Tyrion grinned. “Ser Byron Swann. He was roasted for his trouble … only the dragon was Syrax, not Vhagar.”
“I fear that you’re mistaken. In The Dance of the Dragons, A True Telling, Maester Munkun writes—”
“—that it was Vhagar. Grand Maester Munkun errs. Ser Byron’s squire saw his master die, and wrote his daughter of the manner of it. His account says it was Syrax, Rhaenyra’s she-dragon, which makes more sense than Munken’s version. Swann was the son of a marcher lord, and Storm’s End was for Aegon. Vhagar was ridden by Prince Aemond, Aegon’s brother. Why should Swann want to slay her?”
Haldon pursed his lips. “Try not to tumble off the horse. If you do, best waddle back to Pentos. Our shy maid will not wait for man nor dwarf.”
“Shy maids are my favorite sort. Aside from wanton ones. Tell me, where do whores go?”
“Do I look like a man who frequents whores?”
Duck laughed derisively. “He don’t dare. Lemore would make him pray for pardon, the lad would want to come along, and Griff might cut his cock off and stuff it down his throat.”
“Well,” said Tyrion, “a maester does not need a cock.”

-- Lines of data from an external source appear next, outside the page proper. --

(* Let $\mathcal{A}=(Q,A,\delta,q_0,F)$ be a semi-flower automaton and let $b\in A$. If the cycle formed by the $b$-edges of $\mathcal{A}$ has length $1$, then $\mathcal{A}$ is synchronizing.
   Context: An automaton over a finite alphabet $A$ is a quintuple $\mathcal{A}=(Q,A,\delta,q_0,F)$ with $Q$ a non-empty finite set of states, initial state $q_0\in Q$, set of final states $F\subseteq Q$, and total transition function $\delta:Q\times A\to Q$, extended to words in the usual way. Its digraph has vertex set $Q$ and, for each $p\in Q$, $a\in A$, an edge labeled $a$ (an $a$-edge) from $p$ to $\delta(p,a)$. A path is an alternating sequence of distinct vertices and edges, each edge going from the preceding vertex to the next; a cycle is a path with at least one edge whose initial and terminal vertices coincide. A state $q$ is accessible if there is a path from $q_0$ to $q$, and co-accessible if there is a path from $q$ to a final state. $\mathcal{A}$ is a semi-flower automaton if $F=\{q_0\}$, every state is accessible and co-accessible, and every cycle passes through $q_0$. In a semi-flower automaton, the sub-digraph formed by the $b$-edges (for a fixed letter $b$) contains exactly one cycle, called the $b$-cycle. $\mathcal{A}$ is synchronizing if there is a word $w\in A^*$ such that $\{\delta(q,w): q\in Q\}$ is a singleton. *)

theory Defs
  imports Main
begin

definition automaton :: "'q set \<Rightarrow> 'a set \<Rightarrow> ('q \<Rightarrow> 'a \<Rightarrow> 'q) \<Rightarrow> 'q \<Rightarrow> 'q set \<Rightarrow> bool" where
  "automaton Q A \<delta> q0 F \<longleftrightarrow> finite Q \<and> Q \<noteq> {} \<and> finite A \<and> q0 \<in> Q \<and> F \<subseteq> Q
     \<and> (\<forall>p\<in>Q. \<forall>a\<in>A. \<delta> p a \<in> Q)"

definition delta_star :: "('q \<Rightarrow> 'a \<Rightarrow> 'q) \<Rightarrow> 'q \<Rightarrow> 'a list \<Rightarrow> 'q" where
  "delta_star \<delta> q w = foldl \<delta> q w"

definition is_walk :: "'q set \<Rightarrow> 'a set \<Rightarrow> ('q \<Rightarrow> 'a \<Rightarrow> 'q) \<Rightarrow> 'q list \<Rightarrow> 'a list \<Rightarrow> bool" where
  "is_walk Q A \<delta> vs ws \<longleftrightarrow> length vs = Suc (length ws) \<and> set vs \<subseteq> Q \<and> set ws \<subseteq> A
     \<and> (\<forall>i < length ws. \<delta> (vs ! i) (ws ! i) = vs ! Suc i)"

definition is_path :: "'q set \<Rightarrow> 'a set \<Rightarrow> ('q \<Rightarrow> 'a \<Rightarrow> 'q) \<Rightarrow> 'q list \<Rightarrow> 'a list \<Rightarrow> bool" where
  "is_path Q A \<delta> vs ws \<longleftrightarrow> is_walk Q A \<delta> vs ws \<and> distinct vs"

definition is_cycle :: "'q set \<Rightarrow> 'a set \<Rightarrow> ('q \<Rightarrow> 'a \<Rightarrow> 'q) \<Rightarrow> 'q list \<Rightarrow> 'a list \<Rightarrow> bool" where
  "is_cycle Q A \<delta> vs ws \<longleftrightarrow> is_walk Q A \<delta> vs ws \<and> ws \<noteq> [] \<and> hd vs = last vs
     \<and> distinct (butlast vs)"

definition accessible :: "'q set \<Rightarrow> 'a set \<Rightarrow> ('q \<Rightarrow> 'a \<Rightarrow> 'q) \<Rightarrow> 'q \<Rightarrow> 'q \<Rightarrow> bool" where
  "accessible Q A \<delta> q0 q \<longleftrightarrow> (\<exists>vs ws. is_path Q A \<delta> vs ws \<and> hd vs = q0 \<and> last vs = q)"

definition coaccessible :: "'q set \<Rightarrow> 'a set \<Rightarrow> ('q \<Rightarrow> 'a \<Rightarrow> 'q) \<Rightarrow> 'q set \<Rightarrow> 'q \<Rightarrow> bool" where
  "coaccessible Q A \<delta> F q \<longleftrightarrow> (\<exists>vs ws. is_path Q A \<delta> vs ws \<and> hd vs = q \<and> last vs \<in> F)"

definition semi_flower :: "'q set \<Rightarrow> 'a set \<Rightarrow> ('q \<Rightarrow> 'a \<Rightarrow> 'q) \<Rightarrow> 'q \<Rightarrow> 'q set \<Rightarrow> bool" where
  "semi_flower Q A \<delta> q0 F \<longleftrightarrow> automaton Q A \<delta> q0 F \<and> F = {q0}
     \<and> (\<forall>q\<in>Q. accessible Q A \<delta> q0 q \<and> coaccessible Q A \<delta> F q)
     \<and> (\<forall>vs ws. is_cycle Q A \<delta> vs ws \<longrightarrow> q0 \<in> set vs)"

definition synchronizing :: "'q set \<Rightarrow> 'a set \<Rightarrow> ('q \<Rightarrow> 'a \<Rightarrow> 'q) \<Rightarrow> bool" where
  "synchronizing Q A \<delta> \<longleftrightarrow> (\<exists>w \<in> lists A. \<exists>p. (\<lambda>q. delta_star \<delta> q w) ` Q = {p})"

end

theory Submission
  imports Defs
begin

text \<open>Iterating the letter \<open>b\<close> from any state, the orbit under \<open>p \<mapsto> \<delta> p b\<close> runs
  into a repetition within \<open>card Q\<close> steps, and its periodic part is a cycle of \<open>b\<close>-edges.
  By hypothesis that cycle is a loop, and in a semi-flower automaton every cycle passes
  through \<open>q0\<close>, so the loop sits at \<open>q0\<close>. Hence \<open>b\<^bsup>card Q\<^esup>\<close> sends every state to \<open>q0\<close>.\<close>

lemma foldl_replicate_funpow: "foldl \<delta> q (replicate n b) = ((\<lambda>p. \<delta> p b) ^^ n) q"
  by (induction n arbitrary: q) (simp_all add: funpow_Suc_right del: funpow.simps)

lemma funpow_in_closed_set:
  assumes "f ` S \<subseteq> S" "q \<in> S"
  shows "(f ^^ k) q \<in> S"
  using assms by (induction k) auto

lemma funpow_first_repetition:
  assumes "finite S" "f ` S \<subseteq> S" "q \<in> S"
  obtains i j where "i < j" "j \<le> card S" "(f ^^ i) q = (f ^^ j) q"
    "inj_on (\<lambda>k. (f ^^ k) q) {..<j}"
proof -
  let ?g = "\<lambda>k. (f ^^ k) q"
  define repeats where "repeats j \<longleftrightarrow> (\<exists>i<j. ?g i = ?g j)" for j
  have "card (?g ` {..card S}) \<le> card S"
    using funpow_in_closed_set[OF assms(2,3)] by (intro card_mono[OF assms(1)]) auto
  then have "\<not> inj_on ?g {..card S}"
    by (intro pigeonhole) simp
  then obtain a c where "a < c" "c \<le> card S" "?g a = ?g c"
    unfolding inj_on_def by (metis atMost_iff linorder_neqE_nat)
  then have "repeats c"
    unfolding repeats_def by blast
  define j where "j = (LEAST j. repeats j)"
  have "repeats j"
    unfolding j_def using \<open>repeats c\<close> by (rule LeastI)
  then obtain i where "i < j" "?g i = ?g j"
    unfolding repeats_def by blast
  moreover have "j \<le> card S"
    using Least_le[of repeats, OF \<open>repeats c\<close>] \<open>c \<le> card S\<close> unfolding j_def by simp
  moreover have "inj_on ?g {..<j}"
  proof (rule inj_onI, rule ccontr)
    fix x y assume "x \<in> {..<j}" "y \<in> {..<j}" "?g x = ?g y" "x \<noteq> y"
    then have "repeats (max x y)"
      unfolding repeats_def by (cases x y rule: linorder_cases) (auto simp: max_def)
    then have "j \<le> max x y"
      unfolding j_def by (rule Least_le)
    with \<open>x \<in> {..<j}\<close> \<open>y \<in> {..<j}\<close> show False
      by simp
  qed
  ultimately show thesis
    using that by blast
qed

lemma is_walk_letter_orbit:
  assumes "b \<in> A" "\<forall>p\<in>Q. \<delta> p b \<in> Q" "p \<in> Q"
  shows "is_walk Q A \<delta> (map (\<lambda>k. ((\<lambda>q. \<delta> q b) ^^ k) p) [0..<Suc m]) (replicate m b)"
proof -
  have "((\<lambda>q. \<delta> q b) ^^ k) p \<in> Q" for k
    using assms(2,3) by (intro funpow_in_closed_set) auto
  then show ?thesis
    unfolding is_walk_def using assms(1) by (auto simp del: upt_Suc)
qed

lemma is_cycle_letter_orbit:
  assumes "b \<in> A" "\<forall>p\<in>Q. \<delta> p b \<in> Q" "p \<in> Q" "0 < m"
    and "((\<lambda>q. \<delta> q b) ^^ m) p = p"
    and "inj_on (\<lambda>k. ((\<lambda>q. \<delta> q b) ^^ k) p) {..<m}"
  shows "is_cycle Q A \<delta> (map (\<lambda>k. ((\<lambda>q. \<delta> q b) ^^ k) p) [0..<Suc m]) (replicate m b)"
proof -
  have "butlast (map (\<lambda>k. ((\<lambda>q. \<delta> q b) ^^ k) p) [0..<Suc m])
      = map (\<lambda>k. ((\<lambda>q. \<delta> q b) ^^ k) p) [0..<m]"
    by (simp add: map_butlast[symmetric])
  moreover have "distinct (map (\<lambda>k. ((\<lambda>q. \<delta> q b) ^^ k) p) [0..<m])"
    using assms(6) by (simp add: distinct_map lessThan_atLeast0)
  ultimately show ?thesis
    unfolding is_cycle_def using is_walk_letter_orbit[where \<delta>=\<delta> and b=b and p=p and m=m, OF assms(1-3)] assms(4,5)
    by (simp add: hd_map last_map del: upt_Suc)
qed

lemma semi_flower_letter_power_card:
  assumes sf: "semi_flower Q A \<delta> q0 F" and "b \<in> A"
    and loops: "\<forall>vs ws. is_cycle Q A \<delta> vs ws \<and> set ws \<subseteq> {b} \<longrightarrow> length ws = 1"
    and "q \<in> Q"
  shows "((\<lambda>p. \<delta> p b) ^^ card Q) q = q0"
proof -
  let ?f = "\<lambda>p. \<delta> p b"
  have "finite Q" and closed: "\<forall>p\<in>Q. \<delta> p b \<in> Q"
    and through_q0: "\<And>vs ws. is_cycle Q A \<delta> vs ws \<Longrightarrow> q0 \<in> set vs"
    using sf \<open>b \<in> A\<close> unfolding semi_flower_def automaton_def by auto
  then have "?f ` Q \<subseteq> Q"
    by auto
  then obtain i j where "i < j" "j \<le> card Q" "(?f ^^ i) q = (?f ^^ j) q"
    and inj: "inj_on (\<lambda>k. (?f ^^ k) q) {..<j}"
    using funpow_first_repetition[OF \<open>finite Q\<close> _ \<open>q \<in> Q\<close>] by blast
  define p where "p = (?f ^^ i) q"
  have orbit_p: "(?f ^^ k) p = (?f ^^ (k + i)) q" for k
    unfolding p_def by (simp add: funpow_add)
  have "p \<in> Q"
    unfolding p_def using \<open>?f ` Q \<subseteq> Q\<close> \<open>q \<in> Q\<close> by (rule funpow_in_closed_set)
  moreover have "(?f ^^ (j - i)) p = p"
    using orbit_p \<open>i < j\<close> \<open>(?f ^^ i) q = (?f ^^ j) q\<close> by (simp add: p_def)
  moreover have "inj_on (\<lambda>k. (?f ^^ k) p) {..<j - i}"
    using inj unfolding orbit_p inj_on_def by fastforce
  ultimately have cycle: "is_cycle Q A \<delta> (map (\<lambda>k. (?f ^^ k) p) [0..<Suc (j - i)])
      (replicate (j - i) b)"
    using is_cycle_letter_orbit[where \<delta>=\<delta> and b=b and Q=Q, OF \<open>b \<in> A\<close> closed] \<open>i < j\<close>
    by simp
  moreover have "set (replicate (j - i) b) \<subseteq> {b}"
    by auto
  ultimately have "length (replicate (j - i) b) = 1"
    using loops by blast
  then have "j - i = 1"
    by simp
  with \<open>(?f ^^ (j - i)) p = p\<close> have "?f p = p"
    by simp
  moreover have "q0 \<in> set (map (\<lambda>k. (?f ^^ k) p) [0..<Suc (j - i)])"
    using through_q0[OF cycle] .
  ultimately have "p = q0"
    using \<open>j - i = 1\<close> by auto
  with \<open>?f p = p\<close> have "(?f ^^ (k + i)) q = q0" for k
    by (induction k) (simp_all add: p_def)
  from this[of "card Q - i"] show ?thesis
    using \<open>i < j\<close> \<open>j \<le> card Q\<close> by simp
qed

theorem mainTheorem2:
  fixes Q :: "'q set" and A :: "'a set" and \<delta> :: "'q \<Rightarrow> 'a \<Rightarrow> 'q" and q0 :: 'q and F :: "'q set"
    and b :: 'a
  assumes "semi_flower Q A \<delta> q0 F"
    and "b \<in> A"
    and "\<forall>vs ws. is_cycle Q A \<delta> vs ws \<and> set ws \<subseteq> {b} \<longrightarrow> length ws = 1"
  shows "synchronizing Q A \<delta>"
proof -
  have "q0 \<in> Q"
    using assms(1) unfolding semi_flower_def automaton_def by simp
  moreover have "delta_star \<delta> q (replicate (card Q) b) = q0" if "q \<in> Q" for q
    unfolding delta_star_def foldl_replicate_funpow
    using semi_flower_letter_power_card[OF assms that] .
  ultimately have "(\<lambda>q. delta_star \<delta> q (replicate (card Q) b)) ` Q = {q0}"
    by auto
  moreover have "replicate (card Q) b \<in> lists A"
    using assms(2) by auto
  ultimately show ?thesis
    unfolding synchronizing_def by blast
qed

end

“Haldon’s only half a maester, though.”
“You seem to find the dwarf amusing, Duck,” said Haldon. “He can ride with you.” He wheeled his mount about.
It took another few moments for Duck to finish securing Illyrio’s chests to the three pack horses. By that time Haldon had vanished. Duck seemed unconcerned. He swung into the saddle, grabbed Tyrion by the collar, and hoisted the little man up in front of him. “Hold tight to the pommel and you’ll do fine. The mare’s got a nice sweet gait, and the dragon road’s smooth as a maiden’s arse.” Gathering the reins in his right hand and the leads in his left, Ser Rolly set off at a brisk trot.
“Good fortune,” Illyrio called after them. “Tell the boy I am sorry that I will not be with him for his wedding. I will rejoin you in Westeros. That I swear, by my sweet Serra’s hands.”
The last that Tyrion Lannister saw of Illyrio Mopatis, the magister was standing by his litter in his brocade robes, his massive shoulders slumped. As his figure dwindled in their dust, the lord of cheese looked almost small.
Duck caught up with Haldon Halfmaester a quarter mile on. Thereafter the riders continued side by side. Tyrion clung to the high pommel with his short legs splayed out awkwardly, knowing he could look forward to blisters, cramps, and saddle sores.
“I wonder what the pirates of Dagger Lake will make of our dwarf?” Haldon said as they rode on.
“Dwarf stew?” suggested Duck.
“Urho the Unwashed is the worst of them,” Haldon confided. “His stench alone is enough to kill a man.”